# The records

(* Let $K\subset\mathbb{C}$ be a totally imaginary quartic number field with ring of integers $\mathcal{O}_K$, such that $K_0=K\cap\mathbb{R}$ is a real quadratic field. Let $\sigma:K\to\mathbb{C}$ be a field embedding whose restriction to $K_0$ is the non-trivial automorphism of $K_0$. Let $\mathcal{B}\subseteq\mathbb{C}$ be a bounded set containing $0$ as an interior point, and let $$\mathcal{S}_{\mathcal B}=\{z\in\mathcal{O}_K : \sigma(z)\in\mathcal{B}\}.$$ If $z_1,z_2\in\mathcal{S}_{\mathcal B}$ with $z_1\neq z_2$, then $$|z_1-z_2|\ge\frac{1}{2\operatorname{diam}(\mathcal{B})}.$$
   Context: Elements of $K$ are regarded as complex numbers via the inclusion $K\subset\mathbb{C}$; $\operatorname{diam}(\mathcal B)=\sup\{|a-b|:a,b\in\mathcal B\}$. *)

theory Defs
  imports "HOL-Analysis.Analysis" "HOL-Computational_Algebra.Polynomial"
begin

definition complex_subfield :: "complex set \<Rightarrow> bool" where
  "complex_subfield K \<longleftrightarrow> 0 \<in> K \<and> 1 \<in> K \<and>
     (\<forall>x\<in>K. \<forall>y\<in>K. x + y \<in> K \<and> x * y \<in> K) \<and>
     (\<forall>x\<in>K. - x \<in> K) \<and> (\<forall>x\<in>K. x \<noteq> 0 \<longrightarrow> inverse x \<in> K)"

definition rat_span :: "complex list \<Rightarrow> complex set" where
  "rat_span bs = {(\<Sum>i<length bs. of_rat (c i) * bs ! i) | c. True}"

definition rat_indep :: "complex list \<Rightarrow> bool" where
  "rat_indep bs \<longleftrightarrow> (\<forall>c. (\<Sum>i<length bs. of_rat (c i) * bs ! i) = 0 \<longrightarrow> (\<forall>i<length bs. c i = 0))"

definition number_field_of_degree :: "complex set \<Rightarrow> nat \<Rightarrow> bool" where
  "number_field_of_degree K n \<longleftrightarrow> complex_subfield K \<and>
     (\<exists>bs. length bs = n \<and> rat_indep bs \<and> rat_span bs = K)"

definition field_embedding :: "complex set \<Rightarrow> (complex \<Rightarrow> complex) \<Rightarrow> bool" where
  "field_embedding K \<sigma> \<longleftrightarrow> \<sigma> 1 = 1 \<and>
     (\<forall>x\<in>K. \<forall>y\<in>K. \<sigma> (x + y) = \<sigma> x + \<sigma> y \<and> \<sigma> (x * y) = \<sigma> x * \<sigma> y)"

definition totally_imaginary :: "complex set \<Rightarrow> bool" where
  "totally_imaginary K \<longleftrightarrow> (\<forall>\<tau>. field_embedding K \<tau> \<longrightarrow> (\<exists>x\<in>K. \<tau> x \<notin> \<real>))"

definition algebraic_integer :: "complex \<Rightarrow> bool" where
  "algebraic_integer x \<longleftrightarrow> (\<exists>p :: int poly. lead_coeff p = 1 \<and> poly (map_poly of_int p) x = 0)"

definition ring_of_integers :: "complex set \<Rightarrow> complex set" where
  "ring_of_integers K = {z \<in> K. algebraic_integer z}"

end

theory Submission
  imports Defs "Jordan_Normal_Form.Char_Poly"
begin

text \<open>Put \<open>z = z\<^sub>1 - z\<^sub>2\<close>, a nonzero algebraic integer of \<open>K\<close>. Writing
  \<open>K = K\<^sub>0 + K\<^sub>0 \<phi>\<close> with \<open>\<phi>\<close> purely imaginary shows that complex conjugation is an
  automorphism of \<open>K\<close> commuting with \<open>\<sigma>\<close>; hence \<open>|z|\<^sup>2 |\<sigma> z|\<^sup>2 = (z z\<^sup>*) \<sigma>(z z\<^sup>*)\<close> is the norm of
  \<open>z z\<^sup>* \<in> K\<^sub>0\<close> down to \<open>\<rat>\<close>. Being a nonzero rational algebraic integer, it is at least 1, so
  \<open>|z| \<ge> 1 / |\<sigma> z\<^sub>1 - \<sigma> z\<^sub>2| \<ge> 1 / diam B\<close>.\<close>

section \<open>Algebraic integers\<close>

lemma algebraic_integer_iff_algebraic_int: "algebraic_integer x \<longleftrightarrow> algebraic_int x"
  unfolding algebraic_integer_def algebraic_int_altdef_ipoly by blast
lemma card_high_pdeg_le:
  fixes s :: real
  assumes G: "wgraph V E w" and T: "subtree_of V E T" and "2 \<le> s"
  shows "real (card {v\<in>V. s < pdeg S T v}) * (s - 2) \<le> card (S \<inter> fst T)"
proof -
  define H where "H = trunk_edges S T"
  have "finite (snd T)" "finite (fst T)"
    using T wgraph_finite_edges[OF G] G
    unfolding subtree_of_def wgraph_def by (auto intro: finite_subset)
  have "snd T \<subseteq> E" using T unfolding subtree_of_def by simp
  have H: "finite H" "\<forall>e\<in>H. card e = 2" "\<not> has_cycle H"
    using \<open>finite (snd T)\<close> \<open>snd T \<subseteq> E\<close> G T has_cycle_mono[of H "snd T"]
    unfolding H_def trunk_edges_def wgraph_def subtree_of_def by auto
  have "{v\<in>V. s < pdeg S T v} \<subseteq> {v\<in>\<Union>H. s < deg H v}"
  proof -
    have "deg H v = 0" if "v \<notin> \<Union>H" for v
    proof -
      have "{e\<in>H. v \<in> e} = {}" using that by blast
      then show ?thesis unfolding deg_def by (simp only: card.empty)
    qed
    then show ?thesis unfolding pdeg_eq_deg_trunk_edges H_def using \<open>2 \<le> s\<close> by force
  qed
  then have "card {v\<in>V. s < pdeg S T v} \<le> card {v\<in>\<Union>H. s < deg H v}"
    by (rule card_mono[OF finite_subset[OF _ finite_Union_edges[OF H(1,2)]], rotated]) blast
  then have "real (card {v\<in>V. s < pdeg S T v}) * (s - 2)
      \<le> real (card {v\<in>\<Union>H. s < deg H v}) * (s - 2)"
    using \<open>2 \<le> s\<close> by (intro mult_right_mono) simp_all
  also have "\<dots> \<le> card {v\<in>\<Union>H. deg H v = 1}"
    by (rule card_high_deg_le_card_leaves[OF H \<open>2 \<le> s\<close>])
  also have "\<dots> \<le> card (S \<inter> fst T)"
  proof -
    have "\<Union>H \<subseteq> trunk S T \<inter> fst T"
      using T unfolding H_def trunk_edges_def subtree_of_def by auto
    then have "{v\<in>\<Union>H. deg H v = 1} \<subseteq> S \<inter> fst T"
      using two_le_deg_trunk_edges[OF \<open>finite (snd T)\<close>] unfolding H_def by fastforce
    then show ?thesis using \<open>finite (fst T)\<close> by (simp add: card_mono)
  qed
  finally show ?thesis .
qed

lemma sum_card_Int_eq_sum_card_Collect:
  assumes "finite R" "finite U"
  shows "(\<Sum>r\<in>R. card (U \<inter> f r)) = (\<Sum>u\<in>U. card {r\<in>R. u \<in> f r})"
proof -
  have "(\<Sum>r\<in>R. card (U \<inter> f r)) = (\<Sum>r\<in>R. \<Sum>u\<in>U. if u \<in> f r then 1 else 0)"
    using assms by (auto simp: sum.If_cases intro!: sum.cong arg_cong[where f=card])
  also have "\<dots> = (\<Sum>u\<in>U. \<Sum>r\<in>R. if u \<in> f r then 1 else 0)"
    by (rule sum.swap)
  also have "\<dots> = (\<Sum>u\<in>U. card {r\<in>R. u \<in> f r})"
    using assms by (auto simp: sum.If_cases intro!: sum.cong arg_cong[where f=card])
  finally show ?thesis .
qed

# What the task requires
Each entry, exactly as written, should be set down once more.

# Answer section
(* Let $K\subset\mathbb{C}$ be a totally imaginary quartic number field with ring of integers $\mathcal{O}_K$, such that $K_0=K\cap\mathbb{R}$ is a real quadratic field. Let $\sigma:K\to\mathbb{C}$ be a field embedding whose restriction to $K_0$ is the non-trivial automorphism of $K_0$. Let $\mathcal{B}\subseteq\mathbb{C}$ be a bounded set containing $0$ as an interior point, and let $$\mathcal{S}_{\mathcal B}=\{z\in\mathcal{O}_K : \sigma(z)\in\mathcal{B}\}.$$ If $z_1,z_2\in\mathcal{S}_{\mathcal B}$ with $z_1\neq z_2$, then $$|z_1-z_2|\ge\frac{1}{2\operatorname{diam}(\mathcal{B})}.$$
   Context: Elements of $K$ are regarded as complex numbers via the inclusion $K\subset\mathbb{C}$; $\operatorname{diam}(\mathcal B)=\sup\{|a-b|:a,b\in\mathcal B\}$. *)

theory Defs
  imports "HOL-Analysis.Analysis" "HOL-Computational_Algebra.Polynomial"
begin

definition complex_subfield :: "complex set \<Rightarrow> bool" where
  "complex_subfield K \<longleftrightarrow> 0 \<in> K \<and> 1 \<in> K \<and>
     (\<forall>x\<in>K. \<forall>y\<in>K. x + y \<in> K \<and> x * y \<in> K) \<and>
     (\<forall>x\<in>K. - x \<in> K) \<and> (\<forall>x\<in>K. x \<noteq> 0 \<longrightarrow> inverse x \<in> K)"

definition rat_span :: "complex list \<Rightarrow> complex set" where
  "rat_span bs = {(\<Sum>i<length bs. of_rat (c i) * bs ! i) | c. True}"

definition rat_indep :: "complex list \<Rightarrow> bool" where
  "rat_indep bs \<longleftrightarrow> (\<forall>c. (\<Sum>i<length bs. of_rat (c i) * bs ! i) = 0 \<longrightarrow> (\<forall>i<length bs. c i = 0))"

definition number_field_of_degree :: "complex set \<Rightarrow> nat \<Rightarrow> bool" where
  "number_field_of_degree K n \<longleftrightarrow> complex_subfield K \<and>
     (\<exists>bs. length bs = n \<and> rat_indep bs \<and> rat_span bs = K)"

definition field_embedding :: "complex set \<Rightarrow> (complex \<Rightarrow> complex) \<Rightarrow> bool" where
  "field_embedding K \<sigma> \<longleftrightarrow> \<sigma> 1 = 1 \<and>
     (\<forall>x\<in>K. \<forall>y\<in>K. \<sigma> (x + y) = \<sigma> x + \<sigma> y \<and> \<sigma> (x * y) = \<sigma> x * \<sigma> y)"

definition totally_imaginary :: "complex set \<Rightarrow> bool" where
  "totally_imaginary K \<longleftrightarrow> (\<forall>\<tau>. field_embedding K \<tau> \<longrightarrow> (\<exists>x\<in>K. \<tau> x \<notin> \<real>))"

definition algebraic_integer :: "complex \<Rightarrow> bool" where
  "algebraic_integer x \<longleftrightarrow> (\<exists>p :: int poly. lead_coeff p = 1 \<and> poly (map_poly of_int p) x = 0)"

definition ring_of_integers :: "complex set \<Rightarrow> complex set" where
  "ring_of_integers K = {z \<in> K. algebraic_integer z}"

end

theory Submission
  imports Defs "Jordan_Normal_Form.Char_Poly"
begin

text \<open>Put \<open>z = z\<^sub>1 - z\<^sub>2\<close>, a nonzero algebraic integer of \<open>K\<close>. Writing
  \<open>K = K\<^sub>0 + K\<^sub>0 \<phi>\<close> with \<open>\<phi>\<close> purely imaginary shows that complex conjugation is an
  automorphism of \<open>K\<close> commuting with \<open>\<sigma>\<close>; hence \<open>|z|\<^sup>2 |\<sigma> z|\<^sup>2 = (z z\<^sup>*) \<sigma>(z z\<^sup>*)\<close> is the norm of
  \<open>z z\<^sup>* \<in> K\<^sub>0\<close> down to \<open>\<rat>\<close>. Being a nonzero rational algebraic integer, it is at least 1, so
  \<open>|z| \<ge> 1 / |\<sigma> z\<^sub>1 - \<sigma> z\<^sub>2| \<ge> 1 / diam B\<close>.\<close>

section \<open>Algebraic integers\<close>

lemma algebraic_integer_iff_algebraic_int: "algebraic_integer x \<longleftrightarrow> algebraic_int x"
  unfolding algebraic_integer_def algebraic_int_altdef_ipoly by blast
lemma card_high_pdeg_le:
  fixes s :: real
  assumes G: "wgraph V E w" and T: "subtree_of V E T" and "2 \<le> s"
  shows "real (card {v\<in>V. s < pdeg S T v}) * (s - 2) \<le> card (S \<inter> fst T)"
proof -
  define H where "H = trunk_edges S T"
  have "finite (snd T)" "finite (fst T)"
    using T wgraph_finite_edges[OF G] G
    unfolding subtree_of_def wgraph_def by (auto intro: finite_subset)
  have "snd T \<subseteq> E" using T unfolding subtree_of_def by simp
  have H: "finite H" "\<forall>e\<in>H. card e = 2" "\<not> has_cycle H"
    using \<open>finite (snd T)\<close> \<open>snd T \<subseteq> E\<close> G T has_cycle_mono[of H "snd T"]
    unfolding H_def trunk_edges_def wgraph_def subtree_of_def by auto
  have "{v\<in>V. s < pdeg S T v} \<subseteq> {v\<in>\<Union>H. s < deg H v}"
  proof -
    have "deg H v = 0" if "v \<notin> \<Union>H" for v
    proof -
      have "{e\<in>H. v \<in> e} = {}" using that by blast
      then show ?thesis unfolding deg_def by (simp only: card.empty)
    qed
    then show ?thesis unfolding pdeg_eq_deg_trunk_edges H_def using \<open>2 \<le> s\<close> by force
  qed
  then have "card {v\<in>V. s < pdeg S T v} \<le> card {v\<in>\<Union>H. s < deg H v}"
    by (rule card_mono[OF finite_subset[OF _ finite_Union_edges[OF H(1,2)]], rotated]) blast
  then have "real (card {v\<in>V. s < pdeg S T v}) * (s - 2)
      \<le> real (card {v\<in>\<Union>H. s < deg H v}) * (s - 2)"
    using \<open>2 \<le> s\<close> by (intro mult_right_mono) simp_all
  also have "\<dots> \<le> card {v\<in>\<Union>H. deg H v = 1}"
    by (rule card_high_deg_le_card_leaves[OF H \<open>2 \<le> s\<close>])
  also have "\<dots> \<le> card (S \<inter> fst T)"
  proof -
    have "\<Union>H \<subseteq> trunk S T \<inter> fst T"
      using T unfolding H_def trunk_edges_def subtree_of_def by auto
    then have "{v\<in>\<Union>H. deg H v = 1} \<subseteq> S \<inter> fst T"
      using two_le_deg_trunk_edges[OF \<open>finite (snd T)\<close>] unfolding H_def by fastforce
    then show ?thesis using \<open>finite (fst T)\<close> by (simp add: card_mono)
  qed
  finally show ?thesis .
qed

lemma sum_card_Int_eq_sum_card_Collect:
  assumes "finite R" "finite U"
  shows "(\<Sum>r\<in>R. card (U \<inter> f r)) = (\<Sum>u\<in>U. card {r\<in>R. u \<in> f r})"
proof -
  have "(\<Sum>r\<in>R. card (U \<inter> f r)) = (\<Sum>r\<in>R. \<Sum>u\<in>U. if u \<in> f r then 1 else 0)"
    using assms by (auto simp: sum.If_cases intro!: sum.cong arg_cong[where f=card])
  also have "\<dots> = (\<Sum>u\<in>U. \<Sum>r\<in>R. if u \<in> f r then 1 else 0)"
    by (rule sum.swap)
  also have "\<dots> = (\<Sum>u\<in>U. card {r\<in>R. u \<in> f r})"
    using assms by (auto simp: sum.If_cases intro!: sum.cong arg_cong[where f=card])
  finally show ?thesis .
qed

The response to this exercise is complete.